Material supplied:
lemma group_ring_directly_finite_iso:
  assumes G: "group G" and H: "group H" and iso: "\<phi> \<in> iso G H"
    and DF: "group_ring_directly_finite TYPE('k::division_ring) H"
  shows "group_ring_directly_finite TYPE('k) G"
  unfolding group_ring_directly_finite_def
proof (intro allI impI)
  interpret group_hom G H \<phi>
    using G H iso by (simp add: group_hom_def group_hom_axioms_def iso_def)
  have bij: "bij_betw \<phi> (carrier G) (carrier H)" using iso by (simp add: iso_def)
  then have inj: "inj_on \<phi> (carrier G)" and surj: "carrier H = \<phi> ` carrier G"
    by (simp_all add: bij_betw_def)
  define push where
    "push x g = (if g \<in> carrier H then x (the_inv_into (carrier G) \<phi> g) else 0)"
    for x :: "_ \<Rightarrow> 'k" and g
  have push_\<phi>: "push x (\<phi> h) = x h" if "h \<in> carrier G" for x h
    using that inj by (simp add: push_def the_inv_into_f_f)
  have supp_push: "{g \<in> carrier H. push x g \<noteq> 0} = \<phi> ` {h \<in> carrier G. x h \<noteq> 0}" for x
    unfolding surj by (auto simp: push_\<phi>)
  have elem: "gr_elem H (push x)" if "gr_elem G x" for x
    using that unfolding gr_elem_def supp_push by (simp add: push_def)
  have mult: "gr_mult H (push x) (push y) (\<phi> b) = gr_mult G x y b" if b: "b \<in> carrier G" for x y b
  proof -
    have "gr_mult H (push x) (push y) (\<phi> b)
        = (\<Sum>h\<in>{h \<in> carrier G. x h \<noteq> 0}. push x (\<phi> h) * push y (inv\<^bsub>H\<^esub> \<phi> h \<otimes>\<^bsub>H\<^esub> \<phi> b))"
      using b inj by (simp add: gr_mult_def supp_push sum.reindex inj_on_subset)
    also have "\<dots> = gr_mult G x y b"
    proof -
      have "push y (inv\<^bsub>H\<^esub> \<phi> h \<otimes>\<^bsub>H\<^esub> \<phi> b) = y (inv\<^bsub>G\<^esub> h \<otimes>\<^bsub>G\<^esub> b)"
        if h: "h \<in> carrier G" for h
      proof -
        have eq: "inv\<^bsub>H\<^esub> \<phi> h \<otimes>\<^bsub>H\<^esub> \<phi> b = \<phi> (inv\<^bsub>G\<^esub> h \<otimes>\<^bsub>G\<^esub> b)"
          using h b by simp
        have "inv\<^bsub>G\<^esub> h \<otimes>\<^bsub>G\<^esub> b \<in> carrier G" using h b by simp
        then show ?thesis unfolding eq by (rule push_\<phi>)
      qed
      then show ?thesis using b by (auto simp: gr_mult_def push_\<phi> intro!: sum.cong)
    qed
    finally show ?thesis .
  qed
  have one: "gr_one H (\<phi> b) = gr_one G b" if "b \<in> carrier G" for b
    using inj_on_eq_iff[OF inj that G.one_closed] by (simp add: gr_one_def)
  have eq_one: "gr_mult H (push x) (push y) = gr_one H \<longleftrightarrow> gr_mult G x y = gr_one G" for x y
  proof -
    have "gr_mult H (push x) (push y) = gr_one H \<longleftrightarrow>
        (\<forall>h\<in>carrier G. gr_mult H (push x) (push y) (\<phi> h) = gr_one H (\<phi> h))"
      unfolding gr_mult_eq_gr_one_iff[OF H.monoid_axioms] surj by blast
    also have "\<dots> \<longleftrightarrow> (\<forall>h\<in>carrier G. gr_mult G x y h = gr_one G h)"
      by (intro ball_cong refl) (simp add: mult one)
    also have "\<dots> \<longleftrightarrow> gr_mult G x y = gr_one G"
      by (rule gr_mult_eq_gr_one_iff[OF G.monoid_axioms, symmetric])
    finally show ?thesis .
  qed
  fix x y :: "_ \<Rightarrow> 'k" assume xy: "gr_elem G x \<and> gr_elem G y \<and> gr_mult G x y = gr_one G"
  then have "gr_mult H (push x) (push y) = gr_one H" by (simp add: eq_one)
  then have "gr_mult H (push y) (push x) = gr_one H"
    using DF xy elem unfolding group_ring_directly_finite_def by blast
  then show "gr_mult G y x = gr_one G" by (simp add: eq_one)
qed

lemma group_ring_directly_finite_countable:
  fixes H :: "'a set monoid"
  assumes inf: "infinite (UNIV :: 'g set)"
    and DF: "\<forall>G :: 'g monoid. group G \<longrightarrow> group_ring_directly_finite TYPE('k::division_ring) G"
    and H: "group H" and count: "countable (carrier H)"
  shows "group_ring_directly_finite TYPE('k) H"
proof -
  obtain e :: "nat \<Rightarrow> 'g" where e: "inj e"
    using infinite_countable_subset[OF inf] by blast
  obtain c :: "'a set \<Rightarrow> nat" where c: "inj_on c (carrier H)"
    using count by (rule countableE)
  define rep where "rep = e \<circ> c"
  have inj: "inj_on rep (carrier H)"
    unfolding rep_def using c e by (simp add: comp_inj_on inj_on_subset)
  have G: "group (flatten H rep)" by (rule flatten_set_group[OF H inj])
  have iso: "rep \<in> iso H (flatten H rep)"
    using flatten_set_group_hom[OF H inj] inj
    by (simp add: iso_def bij_betw_def flatten_def)
  have "group_ring_directly_finite TYPE('k) (flatten H rep)" using DF G by simp
  then show ?thesis by (rule group_ring_directly_finite_iso[OF H G iso])
qed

Work to complete:
Lines with the word "auto" in the data need counting; report the count alone.

Written answer:
2